Furthermore, it found some patients had their treatment delayed. This was because of "an undue dependence" on Dublin hospitals for clinical and radiological expertise, which was often not readily available. Also the involvement of medical and anaesthetic teams, which while appropriate, tended "to blur" the lead role of the surgeon in the management of the patients' primary illness, which was surgical. "The consequence of this on occasions was to delay necessary surgical decisions on patient management."

Dr Lennon felt the run of adverse outcomes demanded careful analysis and scrutiny. "When a surgical unit experiences an increase in morbidity and death rates it is very important that an internal review or clinical audit is carried out. If regular audit meetings take place in a clinical unit, such adverse trends are identified at an early stage and corrective measures can often be put in place . . . It is unfortunate that regular clinical audit meetings did not occur in the surgical unit in Cavan. The deficit was present well before the events which are the subject of this review," the report said.

The audits stopped during a period of interpersonal difficulties between two surgeons at the unit who were suspended last August. However, with their suspension went their expertise.

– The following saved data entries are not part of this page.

(* The functor $\pi\colon\mathrm{EEED}\to\mathrm{ED}$ is essentially surjective and reflects isomorphisms. Moreover, for any $N,N'\in\mathrm{EEED}$ there is a natural short exact sequence \[ 0\to\mathrm{Hom}(\alpha(N)[2],\gamma(N')/2)\xrightarrow{\xi}\mathrm{EEED}(N,N')\xrightarrow{\pi}\mathrm{ED}(\pi(N),\pi(N'))\to 0. \] (In particular, $\pi$ is full.)
   Context: For an abelian group $U$, $U[2]=\{u:2u=0\}$ and $U/2=U/2U$. An extended $\eta$-diagram is a diagram of abelian groups $B\xrightarrow{\psi}A\xrightarrow{\eta}C\xrightarrow{\chi}B$ with $2\eta=0$, $\psi\chi=0$ and $\chi\eta\psi=2\cdot1_B$; write it $N=(A,B,C,\eta,\chi,\psi)$. A morphism $N\to N'$ is a triple $(f,g,h)$ with $f\colon A\to A'$, $g\colon B\to B'$, $h\colon C\to C'$, $f\psi=\psi'g$, $h\eta=\eta'f$, $g\chi=\chi'h$. One has $2\psi=0=2\chi$, so there are induced maps $C/2\xrightarrow{\chi}B\xrightarrow{\psi}A[2]$; $N$ is exact if this sequence is short exact. $\mathrm{EEED}$ is the category of exact extended $\eta$-diagrams. An $\eta$-diagram is a homomorphism $\eta\colon A\to C$ with $2\eta=0$; morphisms are pairs $(f,h)$ with $h\eta=\eta'f$; this category is $\mathrm{ED}$. The functor $\pi$ sends $N$ to $(A\xrightarrow{\eta}C)$ and $(f,g,h)$ to $(f,h)$; $\alpha(N)=A$, $\gamma(N)=C$. For $u\colon A[2]\to C'/2$, $\xi(u)$ is the morphism $(0,\bar u,0)\colon N\to N'$ where $\bar u$ is the composite $B\xrightarrow{\psi}A[2]\xrightarrow{u}C'/2\xrightarrow{\chi'}B'$. *)

theory Defs
  imports "HOL-Algebra.Coset"
begin

text \<open>Abelian groups are HOL-Algebra groups (written multiplicatively; "2u" is u \<otimes> u,
  "0" is the unit).  Homomorphisms between groups are extensional (undefined outside
  the carrier), so that equality of morphisms is HOL equality.\<close>

definition ghom :: "'a monoid \<Rightarrow> 'b monoid \<Rightarrow> ('a \<Rightarrow> 'b) set" where
  "ghom G H = hom G H \<inter> extensional (carrier G)"

definition two_torsion :: "'a monoid \<Rightarrow> 'a set" where
  "two_torsion G = {x \<in> carrier G. x \<otimes>\<^bsub>G\<^esub> x = \<one>\<^bsub>G\<^esub>}"

definition tors2 :: "'a monoid \<Rightarrow> 'a monoid" where
  "tors2 G = G\<lparr>carrier := two_torsion G\<rparr>"

definition twice :: "'a monoid \<Rightarrow> 'a set" where
  "twice G = {x \<otimes>\<^bsub>G\<^esub> x | x. x \<in> carrier G}"

definition mod2 :: "'a monoid \<Rightarrow> 'a set monoid" where
  "mod2 G = G Mod (twice G)"

definition mod2_map :: "'a monoid \<Rightarrow> 'b monoid \<Rightarrow> ('a \<Rightarrow> 'b) \<Rightarrow> 'a set \<Rightarrow> 'b set" where
  "mod2_map G H h = (\<lambda>X\<in>carrier (mod2 G). twice H #>\<^bsub>H\<^esub> h (SOME x. x \<in> X))"

definition hom_add :: "'a monoid \<Rightarrow> 'b monoid \<Rightarrow> ('a \<Rightarrow> 'b) \<Rightarrow> ('a \<Rightarrow> 'b) \<Rightarrow> 'a \<Rightarrow> 'b" where
  "hom_add G H u v = (\<lambda>x\<in>carrier G. u x \<otimes>\<^bsub>H\<^esub> v x)"

definition hom_zero :: "'a monoid \<Rightarrow> 'b monoid \<Rightarrow> 'a \<Rightarrow> 'b" where
  "hom_zero G H = (\<lambda>x\<in>carrier G. \<one>\<^bsub>H\<^esub>)"

record ('a, 'b, 'c) eeed =
  grpA :: "'a monoid"
  grpB :: "'b monoid"
  grpC :: "'c monoid"
  eta :: "'a \<Rightarrow> 'c"
  chi :: "'c \<Rightarrow> 'b"
  psi :: "'b \<Rightarrow> 'a"

definition is_eed :: "('a, 'b, 'c) eeed \<Rightarrow> bool" where
  "is_eed N \<longleftrightarrow>
     comm_group (grpA N) \<and> comm_group (grpB N) \<and> comm_group (grpC N) \<and>
     eta N \<in> hom (grpA N) (grpC N) \<and> chi N \<in> hom (grpC N) (grpB N) \<and>
     psi N \<in> hom (grpB N) (grpA N) \<and>
     (\<forall>a\<in>carrier (grpA N). eta N (a \<otimes>\<^bsub>grpA N\<^esub> a) = \<one>\<^bsub>grpC N\<^esub>) \<and>
     (\<forall>c\<in>carrier (grpC N). psi N (chi N c) = \<one>\<^bsub>grpA N\<^esub>) \<and>
     (\<forall>b\<in>carrier (grpB N). chi N (eta N (psi N b)) = b \<otimes>\<^bsub>grpB N\<^esub> b)"

text \<open>Exactness of the induced sequence C/2 --chi--> B --psi--> A[2], written out:
  psi onto A[2], ker psi = im chi, and the induced map C/2 \<rightarrow> B is injective.\<close>
definition eed_exact :: "('a, 'b, 'c) eeed \<Rightarrow> bool" where
  "eed_exact N \<longleftrightarrow>
     (\<forall>a\<in>two_torsion (grpA N). \<exists>b\<in>carrier (grpB N). psi N b = a) \<and>
     (\<forall>b\<in>carrier (grpB N). psi N b = \<one>\<^bsub>grpA N\<^esub> \<longrightarrow> (\<exists>c\<in>carrier (grpC N). chi N c = b)) \<and>
     (\<forall>c\<in>carrier (grpC N). chi N c = \<one>\<^bsub>grpB N\<^esub> \<longrightarrow> c \<in> twice (grpC N))"

definition is_eeed :: "('a, 'b, 'c) eeed \<Rightarrow> bool" where
  "is_eeed N \<longleftrightarrow> is_eed N \<and> eed_exact N"

type_synonym ('a, 'b, 'c, 'a2, 'b2, 'c2) eeed_mor =
  "('a \<Rightarrow> 'a2) \<times> ('b \<Rightarrow> 'b2) \<times> ('c \<Rightarrow> 'c2)"

definition eeed_hom :: "('a, 'b, 'c) eeed \<Rightarrow> ('a2, 'b2, 'c2) eeed
    \<Rightarrow> ('a, 'b, 'c, 'a2, 'b2, 'c2) eeed_mor set" where
  "eeed_hom N N' = {(f, g, h).
     f \<in> ghom (grpA N) (grpA N') \<and> g \<in> ghom (grpB N) (grpB N') \<and> h \<in> ghom (grpC N) (grpC N') \<and>
     (\<forall>b\<in>carrier (grpB N). f (psi N b) = psi N' (g b)) \<and>
     (\<forall>a\<in>carrier (grpA N). h (eta N a) = eta N' (f a)) \<and>
     (\<forall>c\<in>carrier (grpC N). g (chi N c) = chi N' (h c))}"

definition eeed_id :: "('a, 'b, 'c) eeed \<Rightarrow> ('a, 'b, 'c, 'a, 'b, 'c) eeed_mor" where
  "eeed_id N = ((\<lambda>x\<in>carrier (grpA N). x), (\<lambda>x\<in>carrier (grpB N). x), (\<lambda>x\<in>carrier (grpC N). x))"

text \<open>Composition m' \<circ> m, where m has source N.\<close>
definition eeed_comp :: "('a, 'b, 'c) eeed \<Rightarrow> ('a2, 'b2, 'c2, 'a3, 'b3, 'c3) eeed_mor
    \<Rightarrow> ('a, 'b, 'c, 'a2, 'b2, 'c2) eeed_mor \<Rightarrow> ('a, 'b, 'c, 'a3, 'b3, 'c3) eeed_mor" where
  "eeed_comp N m' m = (case m' of (f', g', h') \<Rightarrow> case m of (f, g, h) \<Rightarrow>
     (compose (carrier (grpA N)) f' f, compose (carrier (grpB N)) g' g, compose (carrier (grpC N)) h' h))"

definition eeed_iso :: "('a, 'b, 'c) eeed \<Rightarrow> ('a2, 'b2, 'c2) eeed
    \<Rightarrow> ('a, 'b, 'c, 'a2, 'b2, 'c2) eeed_mor \<Rightarrow> bool" where
  "eeed_iso N N' m \<longleftrightarrow> m \<in> eeed_hom N N' \<and>
     (\<exists>m'\<in>eeed_hom N' N. eeed_comp N m' m = eeed_id N \<and> eeed_comp N' m m' = eeed_id N')"

definition eeed_add :: "('a, 'b, 'c) eeed \<Rightarrow> ('a2, 'b2, 'c2) eeed
    \<Rightarrow> ('a, 'b, 'c, 'a2, 'b2, 'c2) eeed_mor \<Rightarrow> ('a, 'b, 'c, 'a2, 'b2, 'c2) eeed_mor
    \<Rightarrow> ('a, 'b, 'c, 'a2, 'b2, 'c2) eeed_mor" where
  "eeed_add N N' m m' = (case m of (f, g, h) \<Rightarrow> case m' of (f', g', h') \<Rightarrow>
     (hom_add (grpA N) (grpA N') f f', hom_add (grpB N) (grpB N') g g', hom_add (grpC N) (grpC N') h h'))"

record ('a, 'c) ed =
  edA :: "'a monoid"
  edC :: "'c monoid"
  edEta :: "'a \<Rightarrow> 'c"

definition is_ed :: "('a, 'c) ed \<Rightarrow> bool" where
  "is_ed E \<longleftrightarrow> comm_group (edA E) \<and> comm_group (edC E) \<and> edEta E \<in> hom (edA E) (edC E) \<and>
     (\<forall>a\<in>carrier (edA E). edEta E (a \<otimes>\<^bsub>edA E\<^esub> a) = \<one>\<^bsub>edC E\<^esub>)"

type_synonym ('a, 'c, 'a2, 'c2) ed_mor = "('a \<Rightarrow> 'a2) \<times> ('c \<Rightarrow> 'c2)"

definition ed_hom :: "('a, 'c) ed \<Rightarrow> ('a2, 'c2) ed \<Rightarrow> ('a, 'c, 'a2, 'c2) ed_mor set" where
  "ed_hom E E' = {(f, h). f \<in> ghom (edA E) (edA E') \<and> h \<in> ghom (edC E) (edC E') \<and>
     (\<forall>a\<in>carrier (edA E). h (edEta E a) = edEta E' (f a))}"

definition ed_id :: "('a, 'c) ed \<Rightarrow> ('a, 'c, 'a, 'c) ed_mor" where
  "ed_id E = ((\<lambda>x\<in>carrier (edA E). x), (\<lambda>x\<in>carrier (edC E). x))"

definition ed_comp :: "('a, 'c) ed \<Rightarrow> ('a2, 'c2, 'a3, 'c3) ed_mor
    \<Rightarrow> ('a, 'c, 'a2, 'c2) ed_mor \<Rightarrow> ('a, 'c, 'a3, 'c3) ed_mor" where
  "ed_comp E m' m = (case m' of (f', h') \<Rightarrow> case m of (f, h) \<Rightarrow>
     (compose (carrier (edA E)) f' f, compose (carrier (edC E)) h' h))"

definition ed_iso :: "('a, 'c) ed \<Rightarrow> ('a2, 'c2) ed \<Rightarrow> ('a, 'c, 'a2, 'c2) ed_mor \<Rightarrow> bool" where
  "ed_iso E E' m \<longleftrightarrow> m \<in> ed_hom E E' \<and>
     (\<exists>m'\<in>ed_hom E' E. ed_comp E m' m = ed_id E \<and> ed_comp E' m m' = ed_id E')"

definition ed_isomorphic :: "('a, 'c) ed \<Rightarrow> ('a2, 'c2) ed \<Rightarrow> bool" where
  "ed_isomorphic E E' \<longleftrightarrow> (\<exists>m. ed_iso E E' m)"

definition ed_add :: "('a, 'c) ed \<Rightarrow> ('a2, 'c2) ed
    \<Rightarrow> ('a, 'c, 'a2, 'c2) ed_mor \<Rightarrow> ('a, 'c, 'a2, 'c2) ed_mor \<Rightarrow> ('a, 'c, 'a2, 'c2) ed_mor" where
  "ed_add E E' m m' = (case m of (f, h) \<Rightarrow> case m' of (f', h') \<Rightarrow>
     (hom_add (edA E) (edA E') f f', hom_add (edC E) (edC E') h h'))"

definition ed_zero :: "('a, 'c) ed \<Rightarrow> ('a2, 'c2) ed \<Rightarrow> ('a, 'c, 'a2, 'c2) ed_mor" where
  "ed_zero E E' = (hom_zero (edA E) (edA E'), hom_zero (edC E) (edC E'))"

definition pi_obj :: "('a, 'b, 'c) eeed \<Rightarrow> ('a, 'c) ed" where
  "pi_obj N = \<lparr>edA = grpA N, edC = grpC N, edEta = eta N\<rparr>"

Critically Dr Lennon found it was "likely that one of the principal causes of the high number of adverse outcomes was the inadequacies in the assessment and selection process for surgical interventions. There was an absence of clear surgical leadership which was understandable in the circumstances. In addition there was a lack of direction from the respective clinical teams in the care of patients on occasions when key members of the team were absent or had changed with the unplanned arrival of short-term consultant locums."

The health board said last night if the next of kin of any of the cases reviewed still had concerns, they would be offered an independent review of the care and treatment given to their relative. It also revealed that 3,250 adverse incidents were reported by hospitals in its region last year. This is out of a national total of 26,000 such incidents.